▸ **Exercise details**
Once you reach the line containing "F = (\<lambda>u." in the entries below, write out that line and each one after it down to the line containing "k = canon_blk_of", exactly and with nothing added.

----- Records to use

(* Let $F$ be a Ferrers diagram and let $c\in\mathsf{Rec}^{\mathsf{min}}(G(F))$. Define the $0/1$-filling $T=\phi_{CT}(c)$ of $F$ by setting, for each cell in row $i\in\mathsf{rows}(F)$ and column $j\in\mathsf{cols}(F)$, $T_{ij}=0$ if $i$ topples after $j$ in $\mathsf{CanonTop}(c)$ and $T_{ij}=1$ if $i$ topples before $j$ in $\mathsf{CanonTop}(c)$. Then $\phi_{CT}$ is the inverse of the bijection $\phi_{TC}:\mathsf{EWtab}(F)\to\mathsf{Rec}^{\mathsf{min}}(G(F))$; in particular $T\in\mathsf{EWtab}(F)$ and $\phi_{TC}(T)=c$.
   Context: Ferrers diagrams and graphs: a Ferrers diagram $F$ (English convention) of semiperimeter $n+1$ has rows and columns labeled by $0,\ldots,n$: the $n+1$ unit steps of its south-east boundary path, traversed from top-right to bottom-left, are labeled $0,\ldots,n$; a vertical step labels the row it bounds, a horizontal step the column it bounds (top row labeled $0$). $\mathsf{rows}(F)$, $\mathsf{cols}(F)$ are the label sets; $F$ has a cell in row $i$, column $j$ iff $i<j$. $G(F)$ has vertex set $\{0,\ldots,n\}$ with edges $\{i,j\}$, $i\in\mathsf{rows}(F)$, $j\in\mathsf{cols}(F)$, $i<j$. Sandpile model with sink $0$: configurations $c\in\mathbb{N}^n$; non-sink $v$ unstable if $c_v\ge\deg(v)$; toppling sends one grain to each neighbour (grains to $0$ disappear); toppling the sink adds a grain to each neighbour of $0$. Recurrent: stable configurations obtainable from $c_v=\deg(v)-1$ by adding grains and stabilizing. $\mathsf{Rec}^{\mathsf{min}}(G)$: recurrent configurations of minimal total number of grains. Canonical toppling of a recurrent $c$: topple the sink ($U^{(0)}_c=\{0\}$), then alternately topple simultaneously all unstable vertices in $\mathsf{cols}(F)$ ($V^{(1)}_c$), all unstable in $\mathsf{rows}(F)$ ($U^{(1)}_c$), etc.; $\mathsf{CanonTop}(c)=(U^{(0)}_c,V^{(1)}_c,U^{(1)}_c,\ldots)$ is an ordered partition of $\{0,\ldots,n\}$, each vertex toppling exactly once; "$a$ topples before $b$" means the block of $a$ precedes the block of $b$. EW-tableaux: a $0/1$-filling $T$ of $F$ ($T_{ij}$ = entry in row $i$, column $j$) such that (1) the top row consists of 1s, (2) every other row contains at least one 0, (3) no four cells at the corners of a rectangle have 0s in two diagonally opposite corners and 1s in the other two. $\mathsf{EWtab}(F)$ is their set. The map $\phi_{TC}$ sends $T$ to the configuration $c$ with $c_i$ = number of 1s in row $i$ if $i\in\mathsf{rows}(F)$, and $c_i$ = number of 0s in column $i$ if $i\in\mathsf{cols}(F)$, $i\ne 0$; it is known to be a bijection $\mathsf{EWtab}(F)\to\mathsf{Rec}^{\mathsf{min}}(G(F))$. *)

theory Defs
  imports Main
begin

text \<open>A Ferrers diagram of semiperimeter n+1 is encoded as a pair (n, R) where
  R is the set of row labels among the boundary-step labels 0..n; the remaining
  labels are column labels.  The first step (label 0) bounds the top row and
  the last step (label n) is horizontal.\<close>

type_synonym ferrers = "nat \<times> nat set"

definition ferrers :: "ferrers \<Rightarrow> bool" where
  "ferrers F \<longleftrightarrow> snd F \<subseteq> {0..fst F} \<and> 0 \<in> snd F \<and> fst F \<notin> snd F"

definition rows :: "ferrers \<Rightarrow> nat set" where
  "rows F = snd F"

definition cols :: "ferrers \<Rightarrow> nat set" where
  "cols F = {0..fst F} - snd F"

definition cell :: "ferrers \<Rightarrow> nat \<Rightarrow> nat \<Rightarrow> bool" where
  "cell F i j \<longleftrightarrow> i \<in> rows F \<and> j \<in> cols F \<and> i < j"

definition adj :: "ferrers \<Rightarrow> nat \<Rightarrow> nat \<Rightarrow> bool" where
  "adj F u v \<longleftrightarrow> cell F u v \<or> cell F v u"

definition deg :: "ferrers \<Rightarrow> nat \<Rightarrow> nat" where
  "deg F v = card {u. u \<le> fst F \<and> adj F u v}"

definition nonsink :: "ferrers \<Rightarrow> nat set" where
  "nonsink F = {1..fst F}"

text \<open>Configurations: functions nat => nat, meaningful on the non-sink vertices 1..n
  (and 0 elsewhere).\<close>
type_synonym config = "nat \<Rightarrow> nat"

definition stable :: "ferrers \<Rightarrow> config \<Rightarrow> bool" where
  "stable F c \<longleftrightarrow> (\<forall>v\<in>nonsink F. c v < deg F v)"

definition topple_set :: "ferrers \<Rightarrow> nat set \<Rightarrow> config \<Rightarrow> config" where
  "topple_set F S c = (\<lambda>u. if u \<in> nonsink F
      then c u - (if u \<in> S then deg F u else 0) + card {v \<in> S. v \<le> fst F \<and> adj F u v}
      else 0)"

definition topple_step :: "ferrers \<Rightarrow> config \<Rightarrow> config \<Rightarrow> bool" where
  "topple_step F c c' \<longleftrightarrow> (\<exists>v\<in>nonsink F. deg F v \<le> c v \<and> c' = topple_set F {v} c)"

definition stabilizes_to :: "ferrers \<Rightarrow> config \<Rightarrow> config \<Rightarrow> bool" where
  "stabilizes_to F c c' \<longleftrightarrow> (topple_step F)\<^sup>*\<^sup>* c c' \<and> stable F c'"

definition cmax :: "ferrers \<Rightarrow> config" where
  "cmax F = (\<lambda>u. if u \<in> nonsink F then deg F u - 1 else 0)"

inductive reachable :: "ferrers \<Rightarrow> config \<Rightarrow> bool" for F where
  start: "reachable F (cmax F)"
| add: "reachable F c \<Longrightarrow> v \<in> nonsink F \<Longrightarrow> stabilizes_to F (c(v := c v + 1)) c'
          \<Longrightarrow> reachable F c'"

definition recurrent :: "ferrers \<Rightarrow> config \<Rightarrow> bool" where
  "recurrent F c \<longleftrightarrow> stable F c \<and> reachable F c"

definition Rec_min :: "ferrers \<Rightarrow> config set" where
  "Rec_min F = {c. recurrent F c \<and>
     (\<forall>d. recurrent F d \<longrightarrow> sum c (nonsink F) \<le> sum d (nonsink F))}"

definition canon_blk_of :: "ferrers \<Rightarrow> config \<Rightarrow> nat \<Rightarrow> nat set" where
  "canon_blk_of F d k = (if k = 0 then {0} else
     {v \<in> nonsink F. (if odd k then v \<in> cols F else v \<in> rows F) \<and> deg F v \<le> d v})"

primrec canon_cfg :: "ferrers \<Rightarrow> config \<Rightarrow> nat \<Rightarrow> config" where
  "canon_cfg F c 0 = c"
| "canon_cfg F c (Suc k) = topple_set F (canon_blk_of F (canon_cfg F c k) k) (canon_cfg F c k)"

definition canon_blk :: "ferrers \<Rightarrow> config \<Rightarrow> nat \<Rightarrow> nat set" where
  "canon_blk F c k = canon_blk_of F (canon_cfg F c k) k"

definition topple_time :: "ferrers \<Rightarrow> config \<Rightarrow> nat \<Rightarrow> nat" where
  "topple_time F c v = (LEAST k. v \<in> canon_blk F c k)"

definition topples_before :: "ferrers \<Rightarrow> config \<Rightarrow> nat \<Rightarrow> nat \<Rightarrow> bool" where
  "topples_before F c a b \<longleftrightarrow> topple_time F c a < topple_time F c b"

text \<open>0/1-fillings: functions nat => nat => nat, with value 0 outside the cells.\<close>
type_synonym filling = "nat \<Rightarrow> nat \<Rightarrow> nat"

definition EWtab :: "ferrers \<Rightarrow> filling set" where
  "EWtab F = {T.
     (\<forall>i j. \<not> cell F i j \<longrightarrow> T i j = 0) \<and>
     (\<forall>i j. cell F i j \<longrightarrow> T i j \<in> {0, 1}) \<and>
     (\<forall>j. cell F 0 j \<longrightarrow> T 0 j = 1) \<and>
     (\<forall>i\<in>rows F. i \<noteq> 0 \<longrightarrow> (\<exists>j. cell F i j \<and> T i j = 0)) \<and>
     (\<forall>i1 i2 j1 j2. i1 < i2 \<and> j1 < j2 \<and> cell F i1 j1 \<and> cell F i1 j2 \<and>
        cell F i2 j1 \<and> cell F i2 j2 \<longrightarrow>
        \<not> (T i1 j1 = 0 \<and> T i2 j2 = 0 \<and> T i1 j2 = 1 \<and> T i2 j1 = 1) \<and>
        \<not> (T i1 j2 = 0 \<and> T i2 j1 = 0 \<and> T i1 j1 = 1 \<and> T i2 j2 = 1))}"

definition phi_TC :: "ferrers \<Rightarrow> filling \<Rightarrow> config" where
  "phi_TC F T = (\<lambda>i. if i \<in> nonsink F then
      (if i \<in> rows F then card {j. cell F i j \<and> T i j = 1}
       else card {r. cell F r i \<and> T r i = 0})
    else 0)"

definition phi_CT :: "ferrers \<Rightarrow> config \<Rightarrow> filling" where
  "phi_CT F c = (\<lambda>i j. if cell F i j then (if topples_before F c i j then 1 else 0) else 0)"

end

theory Submission
  imports Defs
begin

(* Let c = phi_TC F T for an EW-tableau T, and let S be the set of vertices toppled during the
  first phases of the canonical toppling of c. By induction over the phases, T agrees with the
  cut S: a cell whose row lies in S and whose column does not holds a 1, and in the opposite
  situation a 0. As c counts the 1s of each row and the 0s of each column, a column outside S is
  then unstable exactly when every row holding a 1 in it lies in S, and a row exactly when every
  column holding a 0 in it does. If a column phase and the following row phase toppled nothing,
  the untoppled rows and columns would block each other, which the rectangle condition forbids.
  Hence every vertex topples, and a cell holds a 1 exactly when its row topples before its
  column. *)

lemma row_not_col: "i \<in> rows F \<Longrightarrow> i \<notin> cols F"
  unfolding rows_def cols_def by auto

lemma row_or_col: "v \<le> fst F \<Longrightarrow> v \<in> rows F \<or> v \<in> cols F"
  unfolding rows_def cols_def by auto

lemma cellD: "cell F i j \<Longrightarrow> i \<in> rows F \<and> j \<in> cols F \<and> i < j \<and> j \<le> fst F"
  unfolding cell_def cols_def by auto

lemma ferrers_zero_row: "ferrers F \<Longrightarrow> 0 \<in> rows F"
  unfolding ferrers_def rows_def by simp

lemma ferrers_row_le: "ferrers F \<Longrightarrow> i \<in> rows F \<Longrightarrow> i \<le> fst F"
  unfolding ferrers_def rows_def by auto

----------

▸ **Reply to the exercise**
  "cmax F = (\<lambda>u. if u \<in> nonsink F then deg F u - 1 else 0)"

inductive reachable :: "ferrers \<Rightarrow> config \<Rightarrow> bool" for F where
  start: "reachable F (cmax F)"
| add: "reachable F c \<Longrightarrow> v \<in> nonsink F \<Longrightarrow> stabilizes_to F (c(v := c v + 1)) c'
          \<Longrightarrow> reachable F c'"

definition recurrent :: "ferrers \<Rightarrow> config \<Rightarrow> bool" where
  "recurrent F c \<longleftrightarrow> stable F c \<and> reachable F c"

definition Rec_min :: "ferrers \<Rightarrow> config set" where
  "Rec_min F = {c. recurrent F c \<and>
     (\<forall>d. recurrent F d \<longrightarrow> sum c (nonsink F) \<le> sum d (nonsink F))}"

definition canon_blk_of :: "ferrers \<Rightarrow> config \<Rightarrow> nat \<Rightarrow> nat set" where
  "canon_blk_of F d k = (if k = 0 then {0} else
     {v \<in> nonsink F. (if odd k then v \<in> cols F else v \<in> rows F) \<and> deg F v \<le> d v})"

primrec canon_cfg :: "ferrers \<Rightarrow> config \<Rightarrow> nat \<Rightarrow> config" where
  "canon_cfg F c 0 = c"
| "canon_cfg F c (Suc k) = topple_set F (canon_blk_of F (canon_cfg F c k) k) (canon_cfg F c k)"

definition canon_blk :: "ferrers \<Rightarrow> config \<Rightarrow> nat \<Rightarrow> nat set" where
  "canon_blk F c k = canon_blk_of F (canon_cfg F c k) k"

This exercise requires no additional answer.